その為に前世では娘を泣かせる事になってしまったのだからやはり私(俺)は愚かなのだろう。
「セイラさんは正しい事をしているのよ。そのお陰で私も騎士団長もこうして命を長らえているんですから。それにお父様もきっとジャンヌ様が助けて下さっているはずです。それもセイラさんが枢機卿を助けたから」
「まあ良い。セイラ・ライトスミス。お前はこれからセイラ・ゴルゴンゾーラで通せ。いまからセイラ・ライトスミスは消えた。もう表に出て来てはいかん。良く心得ておけ」
そう言ってロックフォール侯爵も部屋を出て行った。
【3】
「パーセル大司祭は私の為に枢機卿の地位をふいにするのかしら」
私がポツリと呟いた。
「それはお前が心配する事じゃあない」
ゴルゴンゾーラ卿がそう言って私の頭をモシャモシャとかきまわす。
「ええ、貴女は貴女の求める事を、成すべきことを目指して抗えば良いのです。それを全力で支えるのは私たち大人の役目です」
子供扱いは困る。実年齢なら私(俺)はこの中で一番の年長者のはずなのだが…。
「お前が頭が切れて経験も有るのは知っている。しかしなあ、地位も権力も子供にはねえんだ。お前は社会的に子供なんだ」
「そうよね。社会的地位と権力が有るならどうにかなるんだろうけれど」
私は両頬を叩いて気合を入れる。
出来る事は出来る人に任せて、私は私で出来る事をやって抗ってやろう。
「私は頑なに審査の拒否を続けるとして、貴族たちに何か働きかけられないかしら」
王国は聖属性の人間を聖教会に独占されるのを望んでいない。働きかけが通じそうな貴族は居ないのだろうか。
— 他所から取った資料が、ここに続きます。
lemma kron_mult_kron:
  assumes "P1 \<in> carrier_mat a b" "P2 \<in> carrier_mat b c" "Q1 \<in> carrier_mat d e" "Q2 \<in> carrier_mat e f"
  shows "kron P1 Q1 * kron P2 Q2 = kron (P1 * P2) (Q1 * Q2)"
proof (rule eq_matI)
  fix x y assume "x < dim_row (kron (P1 * P2) (Q1 * Q2))" "y < dim_col (kron (P1 * P2) (Q1 * Q2))"
  then have x: "x < a * d" and y: "y < c * f" using assms by auto
  moreover have "0 < d" using x by (cases d) auto
  moreover have "0 < f" using y by (cases f) auto
  ultimately have "x div d < a" "x mod d < d" "y div f < c" "y mod f < f"
    by (auto simp: less_mult_imp_div_less intro!: mod_less_divisor)
  then have "kron (P1 * P2) (Q1 * Q2) $$ (x,y) =
      (\<Sum>u<b. P1 $$ (x div d, u) * P2 $$ (u, y div f)) * (\<Sum>v<e. Q1 $$ (x mod d, v) * Q2 $$ (v, y mod f))"
    using assms x y by (simp add: index_kron scalar_prod_def atLeast0LessThan)
  also have "\<dots> = (\<Sum>k<b*e. (P1 $$ (x div d, k div e) * P2 $$ (k div e, y div f)) *
        (Q1 $$ (x mod d, k mod e) * Q2 $$ (k mod e, y mod f)))"
    by (simp add: sum_product sum_lessThan_mult_div_mod[where g = "\<lambda>u v. P1 $$ (x div d, u) * P2 $$ (u, y div f) *
        (Q1 $$ (x mod d, v) * Q2 $$ (v, y mod f))"])
  also have "\<dots> = (kron P1 Q1 * kron P2 Q2) $$ (x,y)"
    using assms x y by (auto simp: index_kron scalar_prod_def atLeast0LessThan mult_ac intro!: sum.cong)
  finally show "(kron P1 Q1 * kron P2 Q2) $$ (x,y) = kron (P1 * P2) (Q1 * Q2) $$ (x,y)" ..
qed (use assms in auto)

lemma mat_trace_kron:
  assumes "P \<in> carrier_mat a a" "Q \<in> carrier_mat d d"
  shows "mat_trace (kron P Q) = mat_trace P * mat_trace Q"
proof -
  have "mat_trace (kron P Q) = (\<Sum>k<a*d. P $$ (k div d, k div d) * Q $$ (k mod d, k mod d))"
    unfolding mat_trace_def using assms by (intro sum.cong) (auto simp: index_kron)
  also have "\<dots> = mat_trace P * mat_trace Q"
    unfolding mat_trace_def using assms
    by (simp add: sum_lessThan_mult_div_mod[where g = "\<lambda>u v. P $$ (u,u) * Q $$ (v,v)"] sum_product)
  finally show ?thesis .
qed

lemma mat_prod_list_carrier:
  "(\<And>M. M \<in> set Ms \<Longrightarrow> M \<in> carrier_mat d d) \<Longrightarrow> mat_prod_list d Ms \<in> carrier_mat d d"
  by (induction Ms) (auto intro!: mult_carrier_mat)

lemma finite_bstrings [simp]: "finite (bstrings n)"
proof -
  have "finite {xs. set xs \<subseteq> {0::nat,1} \<and> length xs = n}"
    by (rule finite_lists_length_eq) simp
  then show ?thesis unfolding bstrings_def by (simp add: conj_commute)
qed

lemma bstrings_0: "bstrings 0 = {[]}"
  by (auto simp: bstrings_def)

lemma bstrings_Suc: "bstrings (Suc n) = Cons 0 ` bstrings n \<union> Cons 1 ` bstrings n"
proof
  show "bstrings (Suc n) \<subseteq> Cons 0 ` bstrings n \<union> Cons 1 ` bstrings n"
  proof
    fix xs assume "xs \<in> bstrings (Suc n)"
    then obtain y ys where "xs = y # ys" "y \<in> {0,1}" "ys \<in> bstrings n"
      unfolding bstrings_def by (cases xs) auto
    then show "xs \<in> Cons 0 ` bstrings n \<union> Cons 1 ` bstrings n" by auto
  qed
qed (auto simp: bstrings_def)

lemma sum_bstrings_Suc:
  "(\<Sum>j\<in>bstrings (Suc n). f j) = (\<Sum>j\<in>bstrings n. f (0#j)) + (\<Sum>j\<in>bstrings n. f (1#j))"
  unfolding bstrings_Suc by (subst sum.union_disjoint) (auto simp: sum.reindex)

lemma length_bstrings: "i \<in> bstrings n \<Longrightarrow> length i = n"
  unfolding bstrings_def by simp

lemma diamond_carrier_mat:
  assumes "\<And>x y. Op x y \<in> carrier_mat d d" "\<And>y. A y \<in> carrier_mat e e"
  shows "diamond Op A x \<in> carrier_mat (d*e) (d*e)"
  unfolding diamond_def using assms by (intro add_carrier_mat kron_carrier_mat)
(* For every $n\ge1$ there are infinitely many pairwise non-isomorphic tautological algebras.
   Context: Work over $\mathbb{C}$. The Heisenberg group $\mathbb{H}_{2n+1}$ is $\mathbb{W}\times\mathbb{C}$ ($\mathbb{W}$ a $2n$-dimensional space with non-degenerate skew form $\omega$) with law $(w_1,t_1)(w_2,t_2)=(w_1+w_2,t_1+t_2+\tfrac12\omega(w_1,w_2))$; $T=(0,1)$, $\mathbb{I}=\mathbb{C}T$ its center. An $\mathbb{H}_{2n+1}$-structure on $\mathbb{P}V$, $V\cong\mathbb{C}^{2n+2}$, is an effective algebraic action with dense open orbit, whose boundary is a hyperplane $\mathbb{P}V'$. Viewing $\mathbb{H}_{2n+1}\subset\mathbb{P}\mathrm{GL}_{2n+2}(\mathbb{C})$ and with $\pi:\mathrm{GL}_{2n+2}\to\mathbb{P}\mathrm{GL}_{2n+2}$ the projection, the associated algebra $\mathcal{A}$ is the unital associative subalgebra of $\mathrm{Mat}_{2n+2}(\mathbb{C})$ generated by $\pi^{-1}(\mathbb{H}_{2n+1})$. For $o$ in the open orbit let $v=\overline{\mathbb{I}\cdot o}\setminus\mathbb{I}\cdot o$, $\hat v$ a representative, $\widetilde V=V/\mathbb{C}\hat v$; if $T$ fixes $\mathbb{P}V'$ pointwise, the action descends to a $\mathbb{G}_a^{2n}$-structure of $\mathbb{H}_{2n+1}/\mathbb{I}$ on $\mathbb{P}\widetilde V$, called tautological if in suitable coordinates it is $(a_i)\cdot[z_0,\dots,z_{2n}]=[z_0,z_1+a_1z_0,\dots,z_{2n}+a_{2n}z_0]$. A tautological algebra is the associated algebra $\mathcal{A}$ of an $\mathbb{H}_{2n+1}$-structure on $\mathbb{P}^{2n+1}$ for which $T$ fixes the boundary pointwise and the induced $\mathbb{G}_a^{2n}$-structure is tautological. Isomorphism means isomorphism of unital associative algebras. *)

theory Defs
  imports Complex_Main "Jordan_Normal_Form.Determinant"
begin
「あの中でロックフォール侯爵の力は絶大だよ。ここに居る者は全て伯爵か子爵かその隠居だ。侯爵の爵位は絶大なんだよ。それに忘れちゃいないか? 俺は公爵家の息子、そしてお前は直系の孫と認識されている。これは大きな強みなんだよ」
ならば、後は状況に応じて出来る事を出来る限りやるだけだ。